Poll suggests tight U.S. Senate, presidential races in Iowa

Results are due to state's 'purpleness'


A poll providing the first post-primary peek at the November general election finds that the race for U.S. Senate seats is a virtual dead heat, and more than half of Iowans’ have unfavorable opinions of both President Donald Trump and former Vice President Joe Biden.

The Public Policy Polling survey of 963 Iowans conducted in the days after the June 2 primary shows Iowans leaning slightly toward Trump while also giving newly nominated Democratic Senate candidate Theresa Greenfield a 2 percentage point lead over first-term Republican Sen. Joni Ernst.

In addition to what the poll results say about those particular races, it confirms that Iowa once again is a battleground state, University of Iowa political science professor Tim Hagle said Friday.

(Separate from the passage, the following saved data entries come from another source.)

lemma degree_two_triangle:
  assumes v: "v < n" and deg: "degree n E v = 2"
  obtains x y where "x \<noteq> y" "{w. w < n \<and> E v w} = {x, y}" "E x y"
    "\<And>p z. p \<in> {x, y} \<Longrightarrow> z < n \<Longrightarrow> E p z \<Longrightarrow> z \<in> {v, x, y}"
proof -
  obtain x y where nbrs: "{w. w < n \<and> E v w} = {x, y}" and "x \<noteq> y"
    using deg unfolding degree_def by (auto simp: card_2_iff)
  then have x: "x < n" "E v x" and y: "y < n" "E v y"
    by blast+
  have closed: "z \<in> {v, x, y}" if p: "p \<in> {x, y}" and z: "z < n" "E p z" for p z
  proof (rule ccontr)
    assume z_new: "z \<notin> {v, x, y}"
    then have "\<not> E v z"
      using nbrs z(1) by blast
    moreover have "p \<in> {j. j < n \<and> E v j \<and> E j z}"
      using p x y z by auto
    then have "common_nbrs n E v z \<noteq> 0"
      unfolding common_nbrs_def by (auto simp: card_eq_0_iff)
    ultimately show False
      using common_nbrs_degree_two[OF v z(1) _ deg] z_new by auto
  qed
  have "common_nbrs n E v x = 1"
    using common_nbrs_degree_two[OF v x(1) _ deg] x E_irrefl[OF v] by auto
  then have "{j. j < n \<and> E v j \<and> E j x} \<noteq> {}"
    unfolding common_nbrs_def by (metis card.empty zero_neq_one)
  then obtain j where "j < n" "E v j" "E j x"
    by blast
  then have "j \<in> {x, y}"
    using nbrs by blast
  then have "E x y"
    using \<open>E j x\<close> E_irrefl[OF x(1)] E_sym[OF x(1) y(1)] by auto
  from that[OF \<open>x \<noteq> y\<close> nbrs this closed] show ?thesis .
qed

lemma degree_two_component:
  assumes v: "v < n" and deg: "degree n E v = 2"
  shows "is_K3 E (component n E v) \<and> (\<forall>z\<in>component n E v. degree n E z = 2)"
proof -
  obtain x y where "x \<noteq> y" and nbrs: "{w. w < n \<and> E v w} = {x, y}" and "E x y"
    and closed: "\<And>p z. p \<in> {x, y} \<Longrightarrow> z < n \<Longrightarrow> E p z \<Longrightarrow> z \<in> {v, x, y}"
    using degree_two_triangle[OF v deg] by blast
  then have x: "x < n" "E v x" "E x v" and y: "y < n" "E v y" "E y v" and "E y x"
    using E_sym v by blast+
  have "x \<noteq> v" "y \<noteq> v"
    using x y E_irrefl[OF v] by auto
  have "component n E v \<subseteq> {v, x, y}"
    using nbrs closed by (intro component_subset) auto
  moreover have "{v, x, y} \<subseteq> component n E v"
    using component_self[OF v] component_closed[OF component_self[OF v]] x y by auto
  ultimately have C: "component n E v = {v, x, y}"
    by blast
  have "{w. w < n \<and> E x w} = {v, y}" "{w. w < n \<and> E y w} = {v, x}"
    using closed[of x] closed[of y] x y v \<open>E x y\<close> \<open>E y x\<close> E_irrefl by auto
  then have "degree n E x = 2" "degree n E y = 2"
    using \<open>x \<noteq> v\<close> \<open>y \<noteq> v\<close> by (simp_all add: degree_def)
  moreover have "is_K3 E {v, x, y}"
    unfolding is_K3_def using \<open>x \<noteq> y\<close> \<open>x \<noteq> v\<close> \<open>y \<noteq> v\<close> x y \<open>E x y\<close> \<open>E y x\<close> by auto
  ultimately show ?thesis
    using C deg by auto
qed

text \<open>The indicator vector \<open>h\<close> of such a component has \<open>h \<bullet> (A - 2I)h > 0\<close>, so its
  projection onto the \<open>r\<close>-eigenspace is nonzero; like \<open>h\<close>, it vanishes off the component.\<close>
lemma r_eigenvector_on_component:
  assumes v0: "v0 < n" and dense: "\<forall>w\<in>component n E v0. 3 \<le> degree n E w"
  shows "\<exists>u. in_eigenspace n Adj r u \<and> \<not> agree n u (\<lambda>_. 0)
    \<and> vanishes_off n (component n E v0) u"
proof -
  define h where "h = (\<lambda>i. if i \<in> component n E v0 then 1 else (0::real))"
  have "1 \<le> (\<Sum>i<n. h i * (mat_app n Adj h i - 2 * h i))"
  proof -
    have "1 = h v0 * (1 :: real)"
      using component_self[OF v0] by (simp add: h_def)
    also have "\<dots> \<le> h v0 * (mat_app n Adj h v0 - 2 * h v0)"
      using dense component_self[OF v0] mat_app_component_indicator[of v0 v0]
      by (simp add: h_def)
    also have "\<dots> \<le> (\<Sum>i<n. h i * (mat_app n Adj h i - 2 * h i))"
      using dense mat_app_component_indicator v0 unfolding h_def
      by (intro member_le_sum) auto
    finally show ?thesis .
  qed
  then have "0 < dot n h (char_app n Adj 2 h)"
    by (simp add: dot_def char_app_def)
  then have "dot n (p1 h) (p1 h) \<noteq> 0"
    using dot_char_app_2_le[of h] r_gt by (auto simp: mult_le_0_iff)
  moreover have "vanishes_off n (component n E v0) (p1 h)"
    by (rule spectral_proj_vanishes_off) (simp add: vanishes_off_def h_def)
  ultimately show ?thesis
    using in_eigenspace_p(1)[of h] dot_self_eq_zero by blast
qed

lemma high_degree_component_unique:
  assumes "v1 < n" "v2 < n"
    and "\<forall>w\<in>component n E v1. 3 \<le> degree n E w" "\<forall>w\<in>component n E v2. 3 \<le> degree n E w"
  shows "component n E v1 = component n E v2"
proof (rule ccontr)
  assume distinct: "component n E v1 \<noteq> component n E v2"
  obtain u1 where u1: "in_eigenspace n Adj r u1" "\<not> agree n u1 (\<lambda>_. 0)"
    "vanishes_off n (component n E v1) u1"
    using r_eigenvector_on_component assms by blast
  obtain u2 where u2: "in_eigenspace n Adj r u2" "\<not> agree n u2 (\<lambda>_. 0)"
    "vanishes_off n (component n E v2) u2"
    using r_eigenvector_on_component assms by blast
  obtain c where c: "agree n u2 (\<lambda>i. c * u1 i)"
    using r_eigenspace_simple[OF u1(1,2) u2(1)] by blast
  obtain i where i: "i < n" "u2 i \<noteq> 0"
    using u2(2) by (auto simp: agree_def)
  then have "i \<notin> component n E v1"
    using u2(3) component_eq distinct unfolding vanishes_off_def by metis
  then show False
    using c i u1(3) by (simp add: agree_def vanishes_off_def)
qed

That’s due in part to the “purpleness” of Iowa, he said, as well as the large number of voters aligned with neither the Republican nor Democratic parties.

The latest active voter registration numbers in Iowa show 674,456 Democrats, 669,503 Republicans and 653,448 “no party” and “other” voters.

“The near even split between Democrats and Republicans means that it’s almost always the ‘no party’ voters who decide,” Hagle said. “Most of them probably aren’t paying close attention at this point.”

In the Senate race, the poll found voters favored Greenfield over Ernst, 45 percent to 43 percent, with a 3.2 percent margin of error. Twelve percent of those polled were not sure who they would support in the Nov. 3 election.


Ernst’s approval rating is underwater with 38 percent approval and 45 percent disapproval, Public Policy Polling found in the poll conducted for Emily’s List, which backs Greenfield.

Greenfield’s approval rating is 36 percent, but her disapproval rating is just 23 percent. The remaining 41 percent were “not sure,” which may suggest voters don’t know her.

“That’s good in the sense that she can try to define herself, but bad if Ernst or the Republicans manage to do so first,” Hagle said.

Iowa Democratic Party spokesman Jeremy Busch said voters know Ernst “as the corrupt Washington politician she is and they’re categorically rejecting another six years of a senator who puts corporate PACs above the people of Iowa.”

Republicans are skeptical of poll because, in part, it showed six years ago at this time Ernst losing to U.S. Rep. Bruce Braley by 6 percentage points. She won 52 percent to 44 percent.

“There’s only one place to put a PPP poll and that’s straight into the garbage can,” said Republican Party of Iowa spokesman Aaron Britt.

Republicans point to criticism of PPP by the data journalism website for “herding” — producing results that closely match other polls. Last month,, gave PPP a B grade with a slight Democratic bias.

Chris Larimer, University of Northern Iowa political science professor, warns against reading too much into early polling. However, if nothing else, the polls confirm that Iowa remains a battleground state and provides justification for both national parties to pump more resources into Iowa.


Asked about the major party presidential candidates, 52 percent of those polled have an unfavorable view of the president while 51 percent find his challenger unfavorable. At the same time, 45 percent have a favorable opinion of Trump while 37 percent say the same about Biden.

The voters were split on the president’s job performance, with 48 percent approving and 49 percent disapproving.

On the big question — who will they vote for this fall — Trump edged Biden, 48 percent to 47 percent. Only 5 percent were not sure which candidate they would support.

In the 2016 contest between Trump and Democrat Hillary Clinton, Trump carried Iowa by nearly 10 percentage points. Among those polled, 50 percent voted for Trump and 41 percent said they voted for Clinton.

The breakdown of those polled shows 35 percent Republicans, 35 percent Democrats and 30 percent other. Fifty percent were contacted by landline and 50 percent by text message.

Looking at how tight both the presidential and Senate races are at the moment, Larimer wondered if that reflects a “permanent and decisive move among voters away from both incumbents” due to recent events — the coronavirus pandemic and attention on racial inequality in the wake of George Floyd’s death while in police custody.

“The head-to-head matchups are quite close,” he said. “But on the other hand, the favorability and approval numbers remain sharply divided along partisan lines.”